▶ [Assignment]
Copy every line below where the string "metis" is found.

▶ [Material supplied]
lemma fixed_point_in_range_eq_0:
  assumes fixed: "f x = x" and range: "x = f y - y"
  shows "x = 0"
proof -
  have orbit: "(f ^^ t) y = y + real t *\<^sub>R x" for t
  proof (induction t)
    case (Suc t)
    have "(f ^^ Suc t) y = f y + real t *\<^sub>R f x"
      using Suc by (simp add: linear_add[OF lin] linear_scale[OF lin])
    moreover have "f y = y + x" using range by simp
    ultimately show ?case using fixed by (simp add: algebra_simps)
  qed simp
  obtain B where B: "\<And>t. norm ((f ^^ t) y) \<le> B"
    using bounded_orbit[of y] by (auto simp: bounded_iff)
  have "norm x \<le> (B + norm y) / real t" if "t > 0" for t
  proof -
    have "real t * norm x = norm ((f ^^ t) y - y)" by (simp add: orbit)
    also have "\<dots> \<le> B + norm y" using B[of t] norm_triangle_ineq4[of "(f ^^ t) y" y] by linarith
    finally show ?thesis using that by (simp add: field_simps)
  qed
  then have "norm x \<le> 0"
    by (intro LIMSEQ_le_const[OF lim_const_over_n[of "B + norm y"]])
       (auto intro!: exI[of _ 1])
  then show ?thesis by simp
qed

lemma fixed_point_plus_range:
  obtains k y where "f k = k" and "x = k + (f y - y)"
proof -
  define g where "g x = f x - x" for x
  have lin_g: "linear g" unfolding g_def using lin by (intro linear_compose_sub linear_ident)
  have sub: "subspace (range g)" using lin_g subspace_UNIV by (rule linear_subspace_image)
  have "inj_on g (range g)"
  proof (rule inj_onI)
    fix u v assume u: "u \<in> range g" and v: "v \<in> range g" and eq: "g u = g v"
    obtain w where w: "u - v = g w" using subspace_diff[OF sub u v] by blast
    have "g (u - v) = 0" using eq by (simp add: linear_diff[OF lin_g])
    then have "u - v = 0"
      using fixed_point_in_range_eq_0[of "u - v" w] w by (simp add: g_def)
    then show "u = v" by simp
  qed
  \<comment> \<open>Being injective on its range, g maps the range onto itself by a dimension count.\<close>
  moreover have "span (range g) = range g" using sub by (simp add: span_eq_iff)
  ultimately have "dim (g ` range g) = dim (range g)"
    using dim_image_eq[OF lin_g, of "range g"] by argo
  then have "g ` range g = range g"
    using subspace_dim_equal[OF linear_subspace_image[OF lin_g sub] sub] by force
  then obtain y where "g x = g (g y)" by (metis rangeI imageE)
  then have "g (x - g y) = 0" by (simp add: linear_diff[OF lin_g])
  then show ?thesis using that[of "x - g y" y] unfolding g_def by simp
qed

theorem cesaro_mean_converges_to_fixed_point:
  obtains L where "cesaro_mean f x \<longlonglongrightarrow> L" and "f L = L"
proof -
  obtain k y where fixed: "f k = k" and x: "x = k + (f y - y)"
    using fixed_point_plus_range by blast
  obtain B where B: "\<And>t. norm ((f ^^ t) y) \<le> B"
    using bounded_orbit[of y] by (auto simp: bounded_iff)
  have "(\<lambda>T. (1 / real T) *\<^sub>R ((f ^^ T) y - y)) \<longlonglongrightarrow> 0"
  proof (rule Lim_null_comparison)
    show "\<forall>\<^sub>F T in sequentially. norm ((1 / real T) *\<^sub>R ((f ^^ T) y - y)) \<le> (B + norm y) / real T"
      using order.trans[OF norm_triangle_ineq4 add_right_mono[OF B]]
      by (intro always_eventually allI) (simp add: divide_right_mono)
  qed (rule lim_const_over_n)
  then have "(\<lambda>T. k + (1 / real T) *\<^sub>R ((f ^^ T) y - y)) \<longlonglongrightarrow> k"
    using tendsto_add[OF tendsto_const] by fastforce
  moreover have "\<forall>\<^sub>F T in sequentially. k + (1 / real T) *\<^sub>R ((f ^^ T) y - y) = cesaro_mean f x T"
    using cesaro_mean_fixed_point_plus_coboundary[OF lin fixed] x
    by (intro eventually_sequentiallyI[of 1]) simp
  ultimately show ?thesis using that fixed Lim_transform_eventually by blast
qed
lemma a_cup_delta_eq_prod:
  "j < length s \<Longrightarrow> a_cup_delta a j s = a (s ! 0) * (\<Prod>r<j. a (s ! r) + a (s ! Suc r))"
proof (induction j arbitrary: s)
  case (Suc j)
  then have "a_cup_delta a j (take (Suc j) s) = a (s ! 0) * (\<Prod>r<j. a (s ! r) + a (s ! Suc r))"
    by simp
  with Suc.prems show ?case by (simp add: cup_def delta0_def mult.assoc)
qed (simp add: cochain0_def)

fun delta_prod :: "bit \<Rightarrow> bit list \<Rightarrow> bit" where
  "delta_prod b [] = 1"
| "delta_prod b (y # ys) = (b + y) * delta_prod y ys"

lemma delta_prod_eq_prod: "delta_prod b ys = (\<Prod>r<length ys. (b # ys) ! r + (b # ys) ! Suc r)"
  by (induction ys arbitrary: b) (simp_all add: prod.lessThan_Suc_shift del: prod.lessThan_Suc)

lemma a_cup_delta_Cons:
  assumes "length u = j"
  shows "a_cup_delta a j (h # u) = a h * delta_prod (a h) (map a u)"
proof -
  have "(\<Prod>r<j. a ((h # u) ! r) + a ((h # u) ! Suc r)) = delta_prod (a h) (map a u)"
    unfolding delta_prod_eq_prod using assms by (intro prod.cong) (auto simp: nth_Cons')
  with assms show ?thesis by (simp add: a_cup_delta_eq_prod)
qed

lemma mult_delta_prod: "b * delta_prod b ys = b * delta_prod 1 ys"
  by (cases b) simp_all

lemma delta_prod_pairs:
  "delta_prod 1 (concat (map (\<lambda>i. [x i, x (Suc i)]) is) @ rest)
   = (\<Prod>i\<leftarrow>is. ascent x i) * delta_prod 1 rest"
proof (induction "is")
  case (Cons i "is")
  have "delta_prod 1 (x i # x (Suc i) # ys) = ascent x i * delta_prod 1 ys" for ys
    by (cases "x i"; cases "x (Suc i)") (simp_all add: ascent_def)
  with Cons.IH show ?case by (simp add: mult.assoc)
qed simp

lemma length_idx_vertices:
  assumes "length is = p div 2"
  shows "length (idx_vertices p q is) = Suc p"
proof -
  have "length (concat (map (\<lambda>i. [i, Suc i]) is)) = 2 * length is"
    by (induction "is") auto
  with assms show ?thesis by (simp add: idx_vertices_def)
qed

lemma a_cup_delta_face:
  assumes "length is = j div 2"
  shows "a_cup_delta a j (map ((!) t) (idx_vertices j q is))
       = a (t ! 0) * (\<Prod>i\<leftarrow>is. ascent (\<lambda>i. a (t ! i)) i) * (if even j then 1 else 1 + a (t ! q))"
proof -
  let ?x = "\<lambda>i. a (t ! i)"
  define vs where "vs = concat (map (\<lambda>i. [i, Suc i]) is) @ (if even j then [] else [q])"
  have "idx_vertices j q is = 0 # vs" and "length vs = j"
    using length_idx_vertices[OF assms, of q] by (simp_all add: idx_vertices_def vs_def)
  then have "a_cup_delta a j (map ((!) t) (idx_vertices j q is)) = ?x 0 * delta_prod 1 (map ?x vs)"
    by (simp add: a_cup_delta_Cons mult_delta_prod comp_def)
  also have "map ?x vs = concat (map (\<lambda>i. [?x i, ?x (Suc i)]) is) @ (if even j then [] else [?x q])"
    by (simp add: vs_def map_concat comp_def)
  also have "delta_prod 1 \<dots> = (\<Prod>i\<leftarrow>is. ascent ?x i) * delta_prod 1 (if even j then [] else [?x q])"
    by (rule delta_prod_pairs)
  finally show ?thesis
    by (cases "even j") (simp_all add: mult.assoc)
qed

lemma a_cup_delta_even_face:
  "length is = k \<Longrightarrow> a_cup_delta a (2 * k) (map ((!) t) (idx_vertices (2 * k) q is))
     = a (t ! 0) * (\<Prod>i\<leftarrow>is. ascent (\<lambda>i. a (t ! i)) i)"
  using a_cup_delta_face[of "is" "2 * k" a t q] by simp

lemma a_cup_delta_odd_face:
  "length is = k \<Longrightarrow> a_cup_delta a (2 * k + 1) (map ((!) t) (idx_vertices (2 * k + 1) q is))
     = a (t ! 0) * (1 + a (t ! q)) * (\<Prod>i\<leftarrow>is. ascent (\<lambda>i. a (t ! i)) i)"
  using a_cup_delta_face[of "is" "2 * k + 1" a t q] by (simp add: ac_simps)

lemma sorted_pairs_append:
  assumes "sorted_wrt (\<lambda>i j. i + 2 \<le> j) is" and "\<forall>i\<in>set is. \<forall>r\<in>set rest. Suc i < r"
    and "sorted_wrt (<) rest"
  shows "sorted_wrt (<) (concat (map (\<lambda>i. [i, Suc i]) is) @ rest)"
  using assms
proof (induction "is")
  case (Cons i "is")
  then show ?case by (fastforce simp: sorted_wrt_append)
qed simp

lemma sorted_idx_vertices:
  assumes "is \<in> idx_set j q" and "j \<le> q"
  shows "sorted_wrt (<) (idx_vertices j q is)"
proof -
  let ?vs = "concat (map (\<lambda>i. [i, Suc i]) is) @ (if even j then [] else [q])"
  have "sorted_wrt (<) ?vs"
    by (rule sorted_pairs_append) (use assms in \<open>auto simp: idx_set_def\<close>)
  moreover have "\<forall>v\<in>set ?vs. 0 < v"
    using assms by (auto simp: idx_set_def dest: odd_pos)
  ultimately show ?thesis by (simp add: idx_vertices_def)
qed

lemma idx_vertices_le:
  "is \<in> idx_set j q \<Longrightarrow> v \<in> set (idx_vertices j q is) \<Longrightarrow> v \<le> q"
  unfolding idx_vertices_def idx_set_def by (auto split: if_splits)

lemma face_in_simplices:
  assumes K: "branched_complex K" and t: "t \<in> K" "length t = Suc q"
    and "is": "is \<in> idx_set j q" and "j \<le> q"
  shows "map ((!) t) (idx_vertices j q is) \<in> simplices K j"
proof -
  have len: "length (idx_vertices j q is) = Suc j"
    using "is" by (simp add: idx_set_def length_idx_vertices)
  have "map ((!) t) (idx_vertices j q is) = nths t (set (idx_vertices j q is))"
    using sorted_idx_vertices[OF "is" \<open>j \<le> q\<close>] idx_vertices_le[OF "is"] t
    by (intro nths_eq_map_nth[symmetric]) (auto simp: less_Suc_eq_le)
  moreover have "map ((!) t) (idx_vertices j q is) \<noteq> []"
    using len by auto
  ultimately have "map ((!) t) (idx_vertices j q is) \<in> K"
    using K t unfolding branched_complex_def by metis
  with len show ?thesis by (simp add: simplices_def)
qed

lemma pairing_w_chain:
  assumes K: "branched_complex K"
  shows "pairing K j (w_chain K j) \<phi>
       = (\<Sum>t\<in>{t\<in>K. j < length t}. \<Sum>is\<in>idx_set j (length t - 1).
            \<phi> (map ((!) t) (idx_vertices j (length t - 1) is)))"
proof -
  have finK: "finite K" using K by (simp add: branched_complex_def)
  then have fin: "finite (simplices K j)" "finite {t\<in>K. j < length t}"
    by (simp_all add: simplices_def)
  have "pairing K j (w_chain K j) \<phi>
      = (\<Sum>\<sigma>\<in>simplices K j. \<Sum>t\<in>{t\<in>K. j < length t}. \<Sum>is\<in>idx_set j (length t - 1).
           if map ((!) t) (idx_vertices j (length t - 1) is) = \<sigma> then \<phi> \<sigma> else 0)"
    unfolding pairing_def w_chain_def d_chain_def sum_distrib_right by (intro sum.cong refl) simp
  also have "\<dots> = (\<Sum>t\<in>{t\<in>K. j < length t}. \<Sum>is\<in>idx_set j (length t - 1). \<Sum>\<sigma>\<in>simplices K j.
           if map ((!) t) (idx_vertices j (length t - 1) is) = \<sigma> then \<phi> \<sigma> else 0)"
    by (subst sum.swap) (intro sum.cong refl sum.swap)
  also have "\<dots> = (\<Sum>t\<in>{t\<in>K. j < length t}. \<Sum>is\<in>idx_set j (length t - 1).
            \<phi> (map ((!) t) (idx_vertices j (length t - 1) is)))"
  proof (intro sum.cong refl)
    fix t "is" assume "t \<in> {t\<in>K. j < length t}" and "is \<in> idx_set j (length t - 1)"
    then have "map ((!) t) (idx_vertices j (length t - 1) is) \<in> simplices K j"
      by (intro face_in_simplices[OF K]) auto
    with fin show "(\<Sum>\<sigma>\<in>simplices K j.
        if map ((!) t) (idx_vertices j (length t - 1) is) = \<sigma> then \<phi> \<sigma> else 0)
      = \<phi> (map ((!) t) (idx_vertices j (length t - 1) is))"
      by (simp add: sum.delta)
  qed
  finally show ?thesis .
qed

▶ [Expected answer]
  then obtain y where "g x = g (g y)" by (metis rangeI imageE)
    using K t unfolding branched_complex_def by metis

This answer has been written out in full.